definition max_proper_module :: "'a set \<Rightarrow> ('a \<Rightarrow> 'a \<Rightarrow> bool) \<Rightarrow> 'a set \<Rightarrow> bool" where
  "max_proper_module V E M \<longleftrightarrow> is_module V E M \<and> M \<noteq> V \<and>
     (\<forall>M'. is_module V E M' \<and> M' \<noteq> V \<and> M \<subseteq> M' \<longrightarrow> M' = M)"

definition Dfun :: "'a set \<Rightarrow> ('a \<Rightarrow> 'a \<Rightarrow> bool) \<Rightarrow> 'a \<Rightarrow> 'a set" where
  "Dfun V E v =
    (if card V = 1 then {v}
     else if \<not> connected_graph V E then component V E v
     else if \<not> connected_graph V (compl_rel E) then component V (compl_rel E) v
     else (THE M. max_proper_module V E M \<and> v \<in> M))"

fun Dseq :: "'a set \<Rightarrow> ('a \<Rightarrow> 'a \<Rightarrow> bool) \<Rightarrow> 'a \<Rightarrow> nat \<Rightarrow> 'a set" where
  "Dseq V E v 0 = V"
| "Dseq V E v (Suc i) = Dfun (Dseq V E v i) E v"

definition Mvw :: "'a set \<Rightarrow> ('a \<Rightarrow> 'a \<Rightarrow> bool) \<Rightarrow> 'a \<Rightarrow> 'a \<Rightarrow> 'a set" where
  "Mvw V E v w = \<Inter> {M. is_module V E M \<and> v \<in> M \<and> w \<in> M}"

definition precv :: "'a set \<Rightarrow> ('a \<Rightarrow> 'a \<Rightarrow> bool) \<Rightarrow> 'a \<Rightarrow> 'a \<Rightarrow> 'a \<Rightarrow> bool" where
  "precv V E v w1 w2 \<longleftrightarrow> Mvw V E v w2 \<subset> Mvw V E v w1"

definition simv :: "'a set \<Rightarrow> ('a \<Rightarrow> 'a \<Rightarrow> bool) \<Rightarrow> 'a \<Rightarrow> 'a \<Rightarrow> 'a \<Rightarrow> bool" where
  "simv V E v w1 w2 \<longleftrightarrow> \<not> precv V E v w1 w2 \<and> \<not> precv V E v w2 w1"

definition classv :: "'a set \<Rightarrow> ('a \<Rightarrow> 'a \<Rightarrow> bool) \<Rightarrow> 'a \<Rightarrow> 'a \<Rightarrow> 'a set" where
  "classv V E v w = {u \<in> V. simv V E v u w}"

definition classesv :: "'a set \<Rightarrow> ('a \<Rightarrow> 'a \<Rightarrow> bool) \<Rightarrow> 'a \<Rightarrow> 'a set set" where
  "classesv V E v = classv V E v ` V"

definition class_precv :: "'a set \<Rightarrow> ('a \<Rightarrow> 'a \<Rightarrow> bool) \<Rightarrow> 'a \<Rightarrow> 'a set \<Rightarrow> 'a set \<Rightarrow> bool" where
  "class_precv V E v C1 C2 \<longleftrightarrow> (\<exists>z\<in>C1. \<exists>w\<in>C2. precv V E v z w)"

definition pv :: "'a set \<Rightarrow> ('a \<Rightarrow> 'a \<Rightarrow> bool) \<Rightarrow> 'a \<Rightarrow> 'a set \<Rightarrow> nat" where
  "pv V E v C = card {C' \<in> classesv V E v. class_precv V E v C' C}"

end

theory Submission
  imports Defs
begin

text \<open>Each \<open>D(i+1)\<close> is a module of \<open>G[D(i)]\<close> containing v, so every \<open>D(i)\<close> is a module of G,
  and for w in the layer \<open>D(i) - D(i+1)\<close> the module \<open>M(v,w)\<close> lies between \<open>D(i+1)\<close> and
  \<open>D(i)\<close>. Within one layer, \<open>w' \<in> M(v,w)\<close> holds iff \<open>w \<in> M(v,w')\<close>: if \<open>G[D(i)]\<close> or its
  complement is disconnected, \<open>M(v,w)\<close> is the union of the components of v and w, and
  otherwise it is all of \<open>D(i)\<close>. Consequently \<open>w1 \<prec>\<^sub>v w2\<close> holds exactly when the layer of w1
  comes before the layer of w2, the classes of \<open>\<sim>\<^sub>v\<close> are the layers together with {v}, and
  below the class of a vertex in layer i lie exactly the nonempty layers \<open>0, ..., i - 1\<close>.\<close>

lemma symp_on_compl_rel: "symp_on S E \<Longrightarrow> symp_on S (compl_rel E)"
  unfolding symp_on_def compl_rel_def by blast

lemma is_module_compl_rel_iff [simp]: "is_module S (compl_rel E) X \<longleftrightarrow> is_module S E X"
proof -
  have "((\<forall>m\<in>X. compl_rel E u m) \<or> (\<forall>m\<in>X. \<not> compl_rel E u m))
      \<longleftrightarrow> ((\<forall>m\<in>X. E u m) \<or> (\<forall>m\<in>X. \<not> E u m))" if "u \<notin> X" for u
    using that unfolding compl_rel_def by fastforce
  then show ?thesis unfolding is_module_def by simp
qed

lemma is_module_singleton: "v \<in> S \<Longrightarrow> is_module S E {v}"
  unfolding is_module_def by auto

lemma is_module_self: "S \<noteq> {} \<Longrightarrow> is_module S E S"
  unfolding is_module_def by auto

lemma is_module_trans: "is_module V E S \<Longrightarrow> is_module S E X \<Longrightarrow> is_module V E X"
  unfolding is_module_def by blast

lemma is_module_Int: "is_module V E X \<Longrightarrow> S \<subseteq> V \<Longrightarrow> X \<inter> S \<noteq> {} \<Longrightarrow> is_module S E (X \<inter> S)"
  unfolding is_module_def by blast

lemma is_module_Un:
  assumes m1: "is_module S E M1" and m2: "is_module S E M2" and c: "c \<in> M1" "c \<in> M2"
  shows "is_module S E (M1 \<union> M2)"
  unfolding is_module_def
proof (intro conjI ballI)
  fix u assume u: "u \<in> S - (M1 \<union> M2)"
  have "(\<forall>m\<in>M1. E u m) \<or> (\<forall>m\<in>M1. \<not> E u m)" "(\<forall>m\<in>M2. E u m) \<or> (\<forall>m\<in>M2. \<not> E u m)"
    using m1 m2 u unfolding is_module_def by blast+
  then show "(\<forall>m\<in>M1 \<union> M2. E u m) \<or> (\<forall>m\<in>M1 \<union> M2. \<not> E u m)"
    using c by (cases "E u c") blast+
qed (use m1 m2 in \<open>auto simp: is_module_def\<close>)

lemma is_module_if_closed:
  assumes "symp_on S R" "X \<subseteq> S" "X \<noteq> {}" "\<And>a b. a \<in> X \<Longrightarrow> b \<in> S \<Longrightarrow> R a b \<Longrightarrow> b \<in> X"
  shows "is_module S R X"
  using assms unfolding is_module_def symp_on_def by blast

lemma reach_sym:
  assumes "symp_on S R" "reach S R x y"
  shows "reach S R y x"
proof -
  have "symp (\<lambda>x y. x \<in> S \<and> y \<in> S \<and> R x y)"
    using assms(1) unfolding symp_on_def symp_def by blast
  then show ?thesis using assms(2) unfolding reach_def by (blast dest: sympD[OF symp_rtranclp])
qed

lemma component_subset: "component S R v \<subseteq> S"
  unfolding component_def by blast

lemma self_in_component: "v \<in> S \<Longrightarrow> v \<in> component S R v"
  unfolding component_def reach_def by simp

lemma component_closed: "a \<in> component S R v \<Longrightarrow> b \<in> S \<Longrightarrow> R a b \<Longrightarrow> b \<in> component S R v"
  unfolding component_def reach_def by (auto intro: rtranclp.rtrancl_into_rtrancl)

lemma in_component_commute:
  "symp_on S R \<Longrightarrow> w \<in> S \<Longrightarrow> u \<in> component S R w \<Longrightarrow> w \<in> component S R u"
  unfolding component_def using reach_sym by fastforce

__________

__What is being asked__. Give the count of lines in the listing where the word "else" occurs, with no further words.

__Exercise solution__. 3